Sigonella was a joint Italian-NATO air base in Sicily, the location of a U.S. naval air station, NASSIG, which served as the hub of U.S. military operations in the Mediterranean. Yesterday, Rubens had ordered a Close Assault Team to fly from Pax River to Sigonella, where it would be closer — about three thousand miles — to the scene of the pirate hijacking in the Gulf of Aden. If something had happened to shut down the SEAL assault on the Yakutsk, he’d wanted a second force ready to go in.

Sigonella was also about two thousand miles from La Palma.

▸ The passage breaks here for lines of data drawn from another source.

lemma (in prob_space) prob_two_local_events:
  assumes ind: "indep_vars (\<lambda>_. N) X UNIV" and disj: "K1 \<inter> K2 = {}"
    and meas: "Measurable.pred (PiM K1 (\<lambda>_. N)) P1" "Measurable.pred (PiM K2 (\<lambda>_. N)) P2"
    and local1: "\<And>x x'. (\<And>i. i \<in> K1 \<Longrightarrow> x i = x' i) \<Longrightarrow> P1 x = P1 x'"
    and local2: "\<And>x x'. (\<And>i. i \<in> K2 \<Longrightarrow> x i = x' i) \<Longrightarrow> P2 x = P2 x'"
  shows "prob {\<omega> \<in> space M. P1 (\<lambda>i. X i \<omega>) \<and> P2 (\<lambda>i. X i \<omega>)}
       = prob {\<omega> \<in> space M. P1 (\<lambda>i. X i \<omega>)} * prob {\<omega> \<in> space M. P2 (\<lambda>i. X i \<omega>)}"
proof -
  let ?K = "\<lambda>b. if b then K1 else K2" and ?P = "\<lambda>b. if b then P1 else P2"
  have "prob {\<omega> \<in> space M. \<forall>b\<in>UNIV. ?P b (\<lambda>i. X i \<omega>)}
      = (\<Prod>b\<in>UNIV. prob {\<omega> \<in> space M. ?P b (\<lambda>i. X i \<omega>)})"
  proof (rule prob_all_local_events[OF ind])
    show "disjoint_family_on ?K UNIV"
      using disj by (auto simp: disjoint_family_on_def)
    show "Measurable.pred (PiM (?K b) (\<lambda>_. N)) (?P b)" for b
      using meas by (cases b) simp_all
    show "?P b x = ?P b x'" if "\<And>i. i \<in> ?K b \<Longrightarrow> x i = x' i" for b x x'
      using that local1[of x x'] local2[of x x'] by (cases b) auto
  qed simp_all
  moreover have "(\<forall>b\<in>UNIV. ?P b x) \<longleftrightarrow> P1 x \<and> P2 x" for x
    by (simp add: all_bool_eq conj_commute)
  ultimately show ?thesis by (simp add: UNIV_bool mult.commute)
qed

lemma density_interval_pos:
  fixes g :: "real \<Rightarrow> real"
  assumes "(\<lambda>x. ennreal (g x)) \<in> borel_measurable borel" "\<And>x. g x > 0" "a < b"
  shows "emeasure (density lborel (\<lambda>x. ennreal (g x))) {a..b} \<noteq> 0"
proof
  assume "emeasure (density lborel (\<lambda>x. ennreal (g x))) {a..b} = 0"
  then have "(\<integral>\<^sup>+x. ennreal (g x) * indicator {a..b} x \<partial>lborel) = 0"
    using assms(1) by (simp add: emeasure_density)
  then have "AE x in lborel. ennreal (g x) * indicator {a..b} x = 0"
    using assms(1) by (simp add: nn_integral_0_iff_AE)
  then have "AE x in lborel. x \<notin> {a..b}"
  proof eventually_elim
    case (elim x)
    show ?case
    proof
      assume "x \<in> {a..b}"
      with elim have "ennreal (g x) = 0" by simp
      with assms(2)[of x] show False by simp
    qed
  qed
  moreover have "{x \<in> space lborel. x \<in> {a..b}} = {a..b}" by auto
  ultimately have "emeasure lborel {a..b} = 0"
    using emeasure_eq_0_AE[of "\<lambda>x. x \<in> {a..b}" lborel] by simp
  with \<open>a < b\<close> show False by simp
qed

text \<open>Geometric decay in blocks of length L is geometric decay: the sequence
  beta^((k - c) div L) is O(rho^k) for a suitable rho < 1 (essentially the L-th root of beta).\<close>

lemma power_div_bigo_geometric:
  fixes \<beta> :: real and c L :: nat
  assumes "0 \<le> \<beta>" "\<beta> < 1" "0 < L"
  shows "\<exists>\<rho>. 0 < \<rho> \<and> \<rho> < 1 \<and> (\<lambda>k::nat. \<beta> ^ ((k - c) div L)) \<in> O(\<lambda>k. \<rho> ^ k)"
proof -
  define \<beta>' where "\<beta>' = max \<beta> (1/2)"
  define \<rho> where "\<rho> = root L \<beta>'"
  have \<beta>': "0 < \<beta>'" "\<beta>' < 1" "\<beta> \<le> \<beta>'" using assms by (auto simp: \<beta>'_def)
  have \<rho>: "0 < \<rho>" "\<rho> < 1" "\<rho> ^ L = \<beta>'"
    using assms(3) \<beta>' by (auto simp: \<rho>_def real_root_gt_zero)
  have "\<beta> ^ ((k - c) div L) \<le> (1 / \<rho> ^ (L + c)) * \<rho> ^ k" for k
  proof -
    define T where "T = (k - c) div L"
    have "(k - c) mod L < L" using assms(3) by simp
    moreover have "L * T + (k - c) mod L = k - c"
      unfolding T_def by (rule mult_div_mod_eq)
    ultimately have k: "k \<le> L * T + (L + c)" by linarith
    have "\<beta> ^ T \<le> \<beta>' ^ T" using \<beta>'(3) assms(1) by (rule power_mono)
    also have "\<dots> = \<rho> ^ (L * T)"
      by (simp add: \<rho>(3)[symmetric] power_mult)
    also have "\<dots> = \<rho> ^ (L * T + (L + c)) / \<rho> ^ (L + c)"
      using \<rho>(1) by (simp add: power_add)
    also have "\<dots> \<le> \<rho> ^ k / \<rho> ^ (L + c)"
      using \<rho> k by (intro divide_right_mono power_decreasing) auto
    finally show ?thesis unfolding T_def by simp
  qed
  then have "(\<lambda>k::nat. \<beta> ^ ((k - c) div L)) \<in> O(\<lambda>k. \<rho> ^ k)"
    using assms(1) \<rho> by (intro bigoI[of _ "1 / \<rho> ^ (L + c)"] always_eventually) simp
  with \<rho> show ?thesis by blast
qed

The situation on board the Yakutsk was well in hand. They wouldn’t need CAT Bravo there. “Okay. Tell the CO of CAT Bravo I want his team to deploy to Rota immediately. Have them stay at Readiness Green-One. Second, see what we can do about getting Dean and Akulinin to Rota as well.”

“Right away, sir.”

“Third, I want your best people monitoring Ms. DeFrancesca at all times. I want to know exactly where she is, who she’s with, and what’s happening. Support her every way you can.”

“Yes, sir.”

“Next, check whatever records we can snag on flights out of Karachi, Tuesday through Thursday. I want to know how they might have gotten ten suitcase nukes to La Palma, and when.”

“Yes, sir.”

“Raise Ms. Howorth.”

“She doesn’t have a comm implant, sir.”

“No, but she has a cell phone, and La Palma has a cell network for European tourists. I want her and Carlylse out of there. They can’t help Lia, and if the Jackal picks them up they become tactical liabilities.”

“Right.”

He thought for a moment more. “Okay. There’s a major observatory on La Palma, isn’t there? Some sort of big scientific facility?”

“Yes, sir. La Roque, up on the north end of the island.”

“Have Ms. Howorth see about getting in touch with the public affairs people there, at least for a start. If the JeM is pretending to be a scientific research expedition of some kind, the Jackal might have talked with someone official there — getting permission to put up those roadblocks, to shut down park trails, that sort of thing. She might also talk with the island’s guardia. I want to know how extensive this thing is — how many people the Jackal has on the island, where they’re located, whether they’ve infiltrated local organizations like the guardia or the observatory. Find out who on the island is responsible for watching those volcanoes, and where they’re based. La Roque? Or someplace else?”

“Yes, sir.”

Was there anything else he could do? There was not, he decided. Everything rested now with ANSA and, ultimately, with the President.

If he could get permission to deploy the CAT to La Palma, he would, but Rota would do for now. Rota was another U.S. naval air station, located across the bay from Cadiz, sixty miles north of the Straits of Gibraltar and just 850 miles from La Palma. That was a two-and-a-half hour flight for a C-130 Hercules.

However, the CAT Bravo team numbered just forty men, too few for a simultaneous assault on all ten drilling sites on La Palma.

For this job, Rubens needed U.S. Marines.

SAN MARTIN VOLCANO CUMBRE VIEJA LA PALMA, CANARY ISLANDS SUNDAY, 1658 HOURS LOCAL TIME

Lia’s knee shot up, catching the guard in the crotch. He doubled over, white teeth bared by his grimace, but the other guard, standing behind her, placed his hands on Lia’s shoulders and slammed her down onto the folding metal chair.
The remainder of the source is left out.